Monthly Archives: September 2020

Pueblo Toyoto no mo’…

A couple of weeks ago we had a fine experience having the Tacoma serviced in Pueblo but unfortunately the next time the truck was fired up various trouble lights, extraneous and otherwise, appeared.  L. immediately called the dealer, who on a Saturday proved way less than helpful so had to call back Monday to get the soonest possible appointment.  The manager promised that if it was their fault they’d waive the $120 diagnostic fee so ten days later we

were on our way back to Toyota to endure a three-to-four hour wait as the guy at the desk

was giving preferential treatment to a seemingly unending line of recalls. Waiting outside in the parking lot I observed a puny little dude in a grubby “JESUS” T-shirt – I wasn’t able to read the full text but given the gun he was packing it could well have been “who would JESUS shoot?” –

lower himself down from a 4×4 Ford and slouch into the showroom to mingle with the multitudinous maskedless minions of Toyota’s Sales God.  We hoped he wouldn’t become inspired to become an active shooter in there before we received the Word from the Manager

that our investment in digital technology had turned up a small cut in a wire that was, even though the hood hadn’t been opened from the time it was serviced until the warning lights lit up and “Not a rodent”, not their responsibility.  The wire took another half hour to splice which got us out of there in under four hours for $240.00, mid-lunch.  Their strategy is transparently

to hang a person up for so long that they’ll pay anything to escape, even if the customer [who is never right] feels lied to and ripped off.  Of course, $120.00 to splice one wire is a whole other story…ripped OFF ??  The remainder of our Pueblo tasks went quickly, allowing us to exit Abriendo at the sign advertising “Used Veichles For Sale” before two, reach home by three, greet three desperate dogs, unload and collapse.  Both of us felt inexplicably dizzy that evening from…three and a half hours of parking lot?

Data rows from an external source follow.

(* Let $(U,\mathcal{I})$ be a laminar matroid, $f:2^U\to\mathbb{R}_{\ge0}$ non-negative, monotonically non-decreasing and submodular, $p\in(0,1)$, and let $M,N$ and $w$ be as produced by $\mathrm{SIMULATE}$ (see context). Then $$\mathbb{E}[f(M)]=\mathbb{E}[w(M)]=\frac{p}{1-p}\,\mathbb{E}[w(N)]\ge\frac p2\cdot\mathrm{OPT},$$ where $\mathrm{OPT}=\max_{T\in\mathcal{I}}f(T)$.
   Context: Laminar matroid: a laminar family $\mathcal{F}$ of subsets of $U$ (any two members disjoint or nested) with integer capacities $\mu(B)$, and $\mathcal{I}=\{T\subseteq U:|T\cap B|\le\mu(B)\ \forall B\in\mathcal{F}\}$. Write $f_T(e)=f(T\cup\{e\})-f(T)$. $\mathrm{SIMULATE}$: each element of $U$ is independently put into a set $H$ with probability $p$. Start with $M=N=\emptyset$. While there exists $e\in U\setminus(M\cup N)$ with $M\cup\{e\}\in\mathcal{I}$, take such an $e$ maximizing $f_M(e)$ (ties broken by a fixed rule); let $M_e$ denote the current $M$ at that moment; if $e\in H$ add $e$ to $M$, otherwise to $N$. Define $w(e)=f_{M_e}(e)$ for $e\in M\cup N$ and $w(e)=0$ for $e\notin M\cup N$, and $w(T)=\sum_{e\in T}w(e)$. *)

theory Defs
  imports Complex_Main
begin

definition laminar :: "'a set \<Rightarrow> 'a set set \<Rightarrow> bool" where
  "laminar U F \<longleftrightarrow> (\<forall>B\<in>F. B \<subseteq> U) \<and>
     (\<forall>A\<in>F. \<forall>B\<in>F. A \<inter> B = {} \<or> A \<subseteq> B \<or> B \<subseteq> A)"

definition lam_indep :: "'a set \<Rightarrow> 'a set set \<Rightarrow> ('a set \<Rightarrow> nat) \<Rightarrow> 'a set \<Rightarrow> bool" where
  "lam_indep U F mu T \<longleftrightarrow> T \<subseteq> U \<and> (\<forall>B\<in>F. card (T \<inter> B) \<le> mu B)"

definition monotone_fun :: "'a set \<Rightarrow> ('a set \<Rightarrow> real) \<Rightarrow> bool" where
  "monotone_fun U f \<longleftrightarrow> (\<forall>A B. A \<subseteq> B \<and> B \<subseteq> U \<longrightarrow> f A \<le> f B)"

definition submodular :: "'a set \<Rightarrow> ('a set \<Rightarrow> real) \<Rightarrow> bool" where
  "submodular U f \<longleftrightarrow> (\<forall>A B. A \<subseteq> U \<and> B \<subseteq> U \<longrightarrow> f (A \<union> B) + f (A \<inter> B) \<le> f A + f B)"

definition marg :: "('a set \<Rightarrow> real) \<Rightarrow> 'a set \<Rightarrow> 'a \<Rightarrow> real" where
  "marg f T e = f (insert e T) - f T"

definition avail :: "'a set \<Rightarrow> ('a set \<Rightarrow> bool) \<Rightarrow> 'a set \<Rightarrow> 'a set \<Rightarrow> 'a set" where
  "avail U I M N = {e \<in> U - (M \<union> N). I (insert e M)}"

definition best :: "'a set \<Rightarrow> ('a set \<Rightarrow> bool) \<Rightarrow> ('a set \<Rightarrow> real) \<Rightarrow> 'a set \<Rightarrow> 'a set \<Rightarrow> 'a set" where
  "best U I f M N = {e \<in> avail U I M N. \<forall>e'\<in>avail U I M N. marg f M e' \<le> marg f M e}"

(* One iteration of the while loop;
   sel is the fixed tie-breaking rule: given the current M, N and the set of
   maximisers it picks one of them. H is the random coin set. *)
definition sim_step ::
  "'a set \<Rightarrow> ('a set \<Rightarrow> bool) \<Rightarrow> ('a set \<Rightarrow> real) \<Rightarrow> ('a set \<Rightarrow> 'a set \<Rightarrow> 'a set \<Rightarrow> 'a)
   \<Rightarrow> 'a set \<Rightarrow> 'a set \<times> 'a set \<times> ('a \<Rightarrow> real) \<Rightarrow> 'a set \<times> 'a set \<times> ('a \<Rightarrow> real)" where
  "sim_step U I f sel H st = (case st of (M, N, w) \<Rightarrow>
     (if avail U I M N = {} then (M, N, w)
      else (let e = sel M N (best U I f M N) in
            if e \<in> H then (insert e M, N, w(e := marg f M e))
            else (M, insert e N, w(e := marg f M e)))))"

(* Outcome of SIMULATE for coin set H: each non-terminal iteration adds a new
   element of U to M \<union> N, so card U iterations run the loop to completion. *)
definition simulate ::
  "'a set \<Rightarrow> ('a set \<Rightarrow> bool) \<Rightarrow> ('a set \<Rightarrow> real) \<Rightarrow> ('a set \<Rightarrow> 'a set \<Rightarrow> 'a set \<Rightarrow> 'a)
   \<Rightarrow> 'a set \<Rightarrow> 'a set \<times> 'a set \<times> ('a \<Rightarrow> real)" where
  "simulate U I f sel H = (sim_step U I f sel H ^^ card U) ({}, {}, (\<lambda>_. 0))"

Next day Customer Service called to inquire how much fun our visit had been and when L said it wasn’t much fun at all connected her to “a manager”, the same shithead she’d had to deal with from the beginning who provided an arrogant answer or accusation for everything including [but not limited to] “Why didn’t you bring it in right away?” despite the fact that HE set up that ten day out appointment. It’s obvious their [or his] performances are evaluated solely on how much people can be gouged rather than how well-treated customers might feel so bye bye…which is not to imply that Pueblo Toyota is atypical; if my [limited] New Car Experience

is any indication it seems at a certain point in the life of one’s veichle ALL dealerships slide into sloppy service, hoping you’ll come around to the front as things fall expensively apart and buy a Brand New One. I had a potentially life-threatening experience courtesy of the [very!] last time I took my Tundra to the dealer in Vallejo but fortunately an observant local mechanic subsequently noticed that one of the front struts, on which they had just perpetrated a spendy but gratuitous repair, was about to shear off and replaced it before a fatality occurred.*

Thus the week of the stovepipe, Toyota, puppies’ trip to the vet for their shots

and a morning [and then some] spent topping off our water slid past as the environs,

populated by Large Breed Puppies, become ever more decimated…or redecorated.

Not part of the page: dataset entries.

lemma M_disjoint:
  assumes "i < s" "j < s" "i \<noteq> j"
  shows "M i \<inter> M j = {}"
proof -
  have False if e: "e \<in> M i" "e \<in> M j" for e
  proof -
    obtain a b a' b' where "e = {(i, a), ((i + 1) mod s, b)}" "e = {(j, a'), ((j + 1) mod s, b')}"
      using M_edge[OF assms(1) e(1)] M_edge[OF assms(2) e(2)] by blast
    moreover have "(i + 1) mod s \<noteq> i" using succ_mod[OF assms(1)] three_le_s by simp
    ultimately have "(j + 1) mod s = i" "(i + 1) mod s = j"
      using assms(3) by (metis insertCI insertE prod.inject empty_iff)+
    then show False
      using succ_mod[OF assms(1)] succ_mod[OF assms(2)] three_le_s by (auto split: if_splits)
  qed
  then show ?thesis by blast
qed

lemma E_subset_Pow_V: "E \<subseteq> Pow V"
proof
  fix e assume "e \<in> E"
  then show "e \<in> Pow V"
  proof
    assume "e \<in> (\<Union>i<s. M i)"
    then obtain i where "i < s" "e \<in> M i" by blast
    then show ?thesis using M_edge[of i e] by auto
  qed auto
qed

lemma finite_E: "finite E"
  by (rule finite_subset[OF E_subset_Pow_V]) simp

lemma finite_M: "i < s \<Longrightarrow> finite (M i)"
  by (rule rev_finite_subset[OF finite_E]) blast

lemma card_M_Un: "i < s \<Longrightarrow> j < s \<Longrightarrow> i \<noteq> j \<Longrightarrow> card (M i \<union> M j) = 2 * k"
  using card_Un_disjoint[OF finite_M finite_M M_disjoint, of i j] card_M[of i] card_M[of j] by simp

After sorting us out on the water Bill, with Muriel inexplicably choosing Labor Day as the day

to set off across the West, left for California.  About then our fall light got yellower, the nose stuffier and the mountains less visible…ninety-five degrees some days, eighties in the house;

not the old normal, that’s for sure, and more smoke more often than ever.

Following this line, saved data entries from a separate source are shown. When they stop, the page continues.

lemma sum_abs_diffusion_sum_diff_le:
  assumes "\<rho> > 0" and "finite F"
  shows "(\<Sum>i\<in>F. \<bar>diffusion_sum \<nu> \<rho> h r i (c1::real^'n) - diffusion_sum \<nu> \<rho> h r i c2\<bar>)
           \<le> 2 * real CARD('n) * (hat_lip_const CARD('n) * norm (c1 - c2) / \<rho>)"
proof -
  define s where "s p = sqrt (h * real CARD('n)) *\<^sub>R sigma_col \<nu> r p" for p
  define L where "L = hat_lip_const CARD('n) * norm (c1 - c2) / \<rho>"
  have "(\<Sum>i\<in>F. \<bar>diffusion_sum \<nu> \<rho> h r i c1 - diffusion_sum \<nu> \<rho> h r i c2\<bar>)
      \<le> (\<Sum>i\<in>F. \<Sum>p\<in>UNIV. \<bar>hatfun \<rho> i (c1 + s p) - hatfun \<rho> i (c2 + s p)\<bar>
                          + \<bar>hatfun \<rho> i (c1 - s p) - hatfun \<rho> i (c2 - s p)\<bar>)"
  proof (rule sum_mono)
    fix i
    have "\<bar>diffusion_sum \<nu> \<rho> h r i c1 - diffusion_sum \<nu> \<rho> h r i c2\<bar>
        = \<bar>\<Sum>p\<in>UNIV. (hatfun \<rho> i (c1 + s p) - hatfun \<rho> i (c2 + s p))
                    + (hatfun \<rho> i (c1 - s p) - hatfun \<rho> i (c2 - s p))\<bar>"
      unfolding diffusion_sum_def s_def by (simp add: sum_subtractf[symmetric] algebra_simps)
    also have "\<dots> \<le> (\<Sum>p\<in>UNIV. \<bar>hatfun \<rho> i (c1 + s p) - hatfun \<rho> i (c2 + s p)\<bar>
                              + \<bar>hatfun \<rho> i (c1 - s p) - hatfun \<rho> i (c2 - s p)\<bar>)"
      by (intro order.trans[OF sum_abs] sum_mono abs_triangle_ineq)
    finally show "\<bar>diffusion_sum \<nu> \<rho> h r i c1 - diffusion_sum \<nu> \<rho> h r i c2\<bar> \<le> \<dots>" .
  qed
  also have "\<dots> = (\<Sum>p\<in>UNIV. (\<Sum>i\<in>F. \<bar>hatfun \<rho> i (c1 + s p) - hatfun \<rho> i (c2 + s p)\<bar>)
                          + (\<Sum>i\<in>F. \<bar>hatfun \<rho> i (c1 - s p) - hatfun \<rho> i (c2 - s p)\<bar>))"
    by (simp add: sum.swap[of _ F] sum.distrib)
  also have "\<dots> \<le> (\<Sum>p\<in>(UNIV::'n set). L + L)"
  proof (intro sum_mono add_mono)
    fix p
    show "(\<Sum>i\<in>F. \<bar>hatfun \<rho> i (c1 + s p) - hatfun \<rho> i (c2 + s p)\<bar>) \<le> L"
      using sum_abs_hatfun_diff_le[OF assms, of "c1 + s p" "c2 + s p"] by (simp add: L_def)
    show "(\<Sum>i\<in>F. \<bar>hatfun \<rho> i (c1 - s p) - hatfun \<rho> i (c2 - s p)\<bar>) \<le> L"
      using sum_abs_hatfun_diff_le[OF assms, of "c1 - s p" "c2 - s p"] by (simp add: L_def)
  qed
  finally show ?thesis
    by (simp add: L_def algebra_simps)
qed

lemma large_jumps_in_sets:
  assumes "sets \<nu> = sets borel"
  shows "{z::real^'n. r < norm z} \<in> sets \<nu>"
proof -
  have "open {z::real^'n. r < norm z}"
    by (intro open_Collect_less continuous_intros)
  thus ?thesis
    using assms by simp
qed

lemma emeasure_large_jumps_finite:
  fixes \<nu> :: "(real^'n) measure"
  assumes sets: "sets \<nu> = sets borel"
    and levy: "(\<integral>\<^sup>+ z. ennreal (min 1 (norm z ^ 2)) \<partial>\<nu>) < \<infinity>"
    and "r > 0"
  shows "emeasure \<nu> {z. r < norm z} < \<infinity>"
proof -
  define A where "A = {z::real^'n. r < norm z}"
  define c where "c = min 1 (r ^ 2)"
  have "c > 0"
    using \<open>r > 0\<close> by (simp add: c_def)
  have "ennreal c * emeasure \<nu> A = (\<integral>\<^sup>+ z. ennreal c * indicator A z \<partial>\<nu>)"
    using large_jumps_in_sets[OF sets] by (simp add: A_def nn_integral_cmult_indicator)
  also have "\<dots> \<le> (\<integral>\<^sup>+ z. ennreal (min 1 (norm z ^ 2)) \<partial>\<nu>)"
  proof (rule nn_integral_mono)
    fix z
    have "z \<in> A \<Longrightarrow> r ^ 2 \<le> norm z ^ 2"
      using \<open>r > 0\<close> by (auto simp: A_def intro!: power_mono)
    hence "z \<in> A \<Longrightarrow> c \<le> min 1 (norm z ^ 2)"
      by (auto simp: c_def)
    thus "ennreal c * indicator A z \<le> ennreal (min 1 (norm z ^ 2))"
      by (cases "z \<in> A") auto
  qed
  finally have "ennreal c * emeasure \<nu> A < \<infinity>"
    using levy by order
  thus ?thesis
    using \<open>c > 0\<close> by (auto simp: A_def ennreal_mult_less_top)
qed

lemma sum_jump_integral_le:
  fixes \<nu> :: "(real^'n) measure"
  assumes sets: "sets \<nu> = sets borel" and fin: "emeasure \<nu> {z. r < norm z} < \<infinity>"
    and "\<rho> > 0" and "finite F"
  shows "(\<Sum>i\<in>F. jump_integral \<nu> \<rho> r i x) \<le> jump_rate \<nu> r"
proof -
  define A where "A = {z::real^'n. r < norm z}"
  have A: "A \<in> sets \<nu>"
    unfolding A_def by (rule large_jumps_in_sets[OF sets])
  have ind: "integrable \<nu> (indicator A :: _ \<Rightarrow> real)"
    using A fin by (simp add: A_def)
  have "(\<lambda>z. hatfun \<rho> i (x + z)) \<in> borel_measurable borel" for i
    by (intro borel_measurable_continuous_onI continuous_on_compose2[OF continuous_on_hatfun[OF \<open>\<rho> > 0\<close>]])
      (auto intro: continuous_intros)
  hence "(\<lambda>z. hatfun \<rho> i (x + z)) \<in> borel_measurable \<nu>" for i
    by (simp add: measurable_cong_sets[OF sets refl])
  hence "(\<lambda>z. indicator A z *\<^sub>R hatfun \<rho> i (x + z)) \<in> borel_measurable \<nu>" for i
    using A by measurable
  hence int: "integrable \<nu> (\<lambda>z. indicator A z *\<^sub>R hatfun \<rho> i (x + z))" for i
    by (rule Bochner_Integration.integrable_bound[OF ind])
      (auto simp: indicator_def hatfun_nonneg hatfun_le_one[OF \<open>\<rho> > 0\<close>])
  have "(\<Sum>i\<in>F. jump_integral \<nu> \<rho> r i x) = integral\<^sup>L \<nu> (\<lambda>z. \<Sum>i\<in>F. indicator A z *\<^sub>R hatfun \<rho> i (x + z))"
    unfolding jump_integral_def set_lebesgue_integral_def A_def[symmetric]
    by (rule Bochner_Integration.integral_sum[symmetric]) (rule int)
  also have "\<dots> \<le> integral\<^sup>L \<nu> (indicator A)"
  proof (rule Bochner_Integration.integral_mono'[OF ind])
    fix z
    have "indicator A z * (\<Sum>i\<in>F. hatfun \<rho> i (x + z)) \<le> indicator A z * 1"
      by (rule mult_left_mono) (auto simp: sum_hatfun_le_one[OF \<open>\<rho> > 0\<close> \<open>finite F\<close>])
    thus "(\<Sum>i\<in>F. indicator A z *\<^sub>R hatfun \<rho> i (x + z)) \<le> indicator A z"
      by (simp add: sum_distrib_left)
  qed simp
  also have "\<dots> = jump_rate \<nu> r"
    using A by (simp add: jump_rate_def A_def Int_absorb2 sets.sets_into_space)
  finally show ?thesis .
qed

text \<open>Column sums are taken over finite sets of row indices only, so that no summability
  of the rows over \<open>\<int>\<^sup>d\<close> has to be established.\<close>

definition substochastic :: "('i \<Rightarrow> 'j \<Rightarrow> real) \<Rightarrow> bool" where
  "substochastic B \<longleftrightarrow> (\<forall>i j. 0 \<le> B i j) \<and> (\<forall>F j. finite F \<longrightarrow> (\<Sum>i\<in>F. B i j) \<le> 1)"

lemma substochastic_le_one: "substochastic B \<Longrightarrow> B i j \<le> 1"
  unfolding substochastic_def by (metis finite.emptyI finite_insert sum.insert empty_iff sum.empty add_0_right)

lemma substochastic_Bker:
  fixes \<nu> :: "(real^'n) measure"
  assumes sets: "sets \<nu> = sets borel" and fin: "emeasure \<nu> {z. r < norm z} < \<infinity>"
    and "\<rho> > 0" and "0 \<le> h"
  shows "substochastic (Bker \<nu> DpH Dw \<rho> h r k)"
proof -
  define lam where "lam = jump_rate \<nu> r"
  define E where "E = exp (- h * lam)"
  define d where "d = real CARD('n)"
  have lam: "0 \<le> lam"
    by (simp add: lam_def jump_rate_nonneg)
  have E: "0 < E" "E \<le> 1"
    using \<open>0 \<le> h\<close> lam by (auto simp: E_def)
  have d: "d > 0"
    by (simp add: d_def)
  have "(\<Sum>i\<in>F. Bker \<nu> DpH Dw \<rho> h r k i j) \<le> 1" if "finite F" for F j
  proof -
    have "(\<Sum>i\<in>F. Bker \<nu> DpH Dw \<rho> h r k i j)
        = E / (2 * d) * (\<Sum>i\<in>F. diffusion_sum \<nu> \<rho> h r i (char_foot \<nu> DpH Dw \<rho> h r k j))
          + (1 - E) / lam * (\<Sum>i\<in>F. jump_integral \<nu> \<rho> r i (gridpt \<rho> j))"
      unfolding Bker_eq by (simp add: sum.distrib sum_distrib_left E_def lam_def d_def)
    also have "\<dots> \<le> E / (2 * d) * (2 * d) + (1 - E) / lam * lam"
      using sum_diffusion_sum_le[OF \<open>\<rho> > 0\<close> that] sum_jump_integral_le[OF sets fin \<open>\<rho> > 0\<close> that] E d lam
      by (intro add_mono mult_left_mono) (auto simp: d_def lam_def)
    also have "\<dots> \<le> 1"
      using E d by (cases "lam = 0") auto
    finally show ?thesis .
  qed
  moreover have "0 \<le> Bker \<nu> DpH Dw \<rho> h r k i j" for i j
    using E lam unfolding Bker_eq E_def lam_def
    by (intro add_nonneg_nonneg mult_nonneg_nonneg divide_nonneg_nonneg diffusion_sum_nonneg
        jump_integral_nonneg) auto
  ultimately show ?thesis
    by (simp add: substochastic_def)
qed

text \<open>The jump parts of the two kernels coincide, so only the diffusion part, evaluated at
  characteristic feet at distance \<open>h |\<Delta>D\<^sub>pH|\<close>, contributes.\<close>

lemma sum_abs_Bker_diff_le:
  fixes \<nu> :: "(real^'n) measure"
  assumes "\<rho> > 0" and "0 \<le> h" and "finite F"
  shows "(\<Sum>i\<in>F. \<bar>Bker \<nu> DpH Dw1 \<rho> h r k i j - Bker \<nu> DpH Dw2 \<rho> h r k i j\<bar>)
    \<le> exp (- h * jump_rate \<nu> r) * hat_lip_const CARD('n) * h *
       norm (DpH (gridpt \<rho> j) (Dw1 (real k * h) (gridpt \<rho> j))
           - DpH (gridpt \<rho> j) (Dw2 (real k * h) (gridpt \<rho> j))) / \<rho>"
proof -
  define E where "E = exp (- h * jump_rate \<nu> r)"
  define d where "d = real CARD('n)"
  define c1 where "c1 = char_foot \<nu> DpH Dw1 \<rho> h r k j"
  define c2 where "c2 = char_foot \<nu> DpH Dw2 \<rho> h r k j"
  define \<Delta> where "\<Delta> = DpH (gridpt \<rho> j) (Dw1 (real k * h) (gridpt \<rho> j))
                     - DpH (gridpt \<rho> j) (Dw2 (real k * h) (gridpt \<rho> j))"
  have E: "0 < E" and d: "d > 0"
    by (simp_all add: E_def d_def)
  have "c1 - c2 = - (h *\<^sub>R \<Delta>)"
    unfolding c1_def c2_def char_foot_def \<Delta>_def by (simp add: algebra_simps)
  hence c12: "norm (c1 - c2) = h * norm \<Delta>"
    using \<open>0 \<le> h\<close> by simp
  have "Bker \<nu> DpH Dw1 \<rho> h r k i j - Bker \<nu> DpH Dw2 \<rho> h r k i j
      = E / (2 * d) * (diffusion_sum \<nu> \<rho> h r i c1 - diffusion_sum \<nu> \<rho> h r i c2)" for i
    unfolding Bker_eq E_def d_def c1_def c2_def by (simp add: algebra_simps)
  hence "(\<Sum>i\<in>F. \<bar>Bker \<nu> DpH Dw1 \<rho> h r k i j - Bker \<nu> DpH Dw2 \<rho> h r k i j\<bar>)
      = E / (2 * d) * (\<Sum>i\<in>F. \<bar>diffusion_sum \<nu> \<rho> h r i c1 - diffusion_sum \<nu> \<rho> h r i c2\<bar>)"
    using E d by (simp add: abs_mult sum_distrib_left)
  also have "\<dots> \<le> E / (2 * d) * (2 * d * (hat_lip_const CARD('n) * norm (c1 - c2) / \<rho>))"
    using sum_abs_diffusion_sum_diff_le[OF \<open>\<rho> > 0\<close> \<open>finite F\<close>] E d
    by (intro mult_left_mono) (auto simp: d_def)
  also have "\<dots> = E * hat_lip_const CARD('n) * h * norm \<Delta> / \<rho>"
    using d by (simp add: c12 field_simps)
  finally show ?thesis
    unfolding E_def \<Delta>_def .
qed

As the weather changed the studio theme music transitioned from Paul Bowles to Morton

Feldman until we were suddenly, out of a blue [well, brown] sky, plunged without warning

into a winner wunterlant…which inspired yet another shift, this time to Terje Rypdal…

Nonetheless we’re not having anything like the apocalypse unfolding out on the coast; images trickled in all day, looking like nothing so much as the weather in “Blade Runner 2049”.

Come to think of it that woefully underappreciated atmospheric film, encompassing murk, smoke, dust and a lot of gratuitous water, DID end in snow falling…

*I’m happy to report that despite several “incidents”, mostly solo, I have not yet experienced a fatal automobile accident.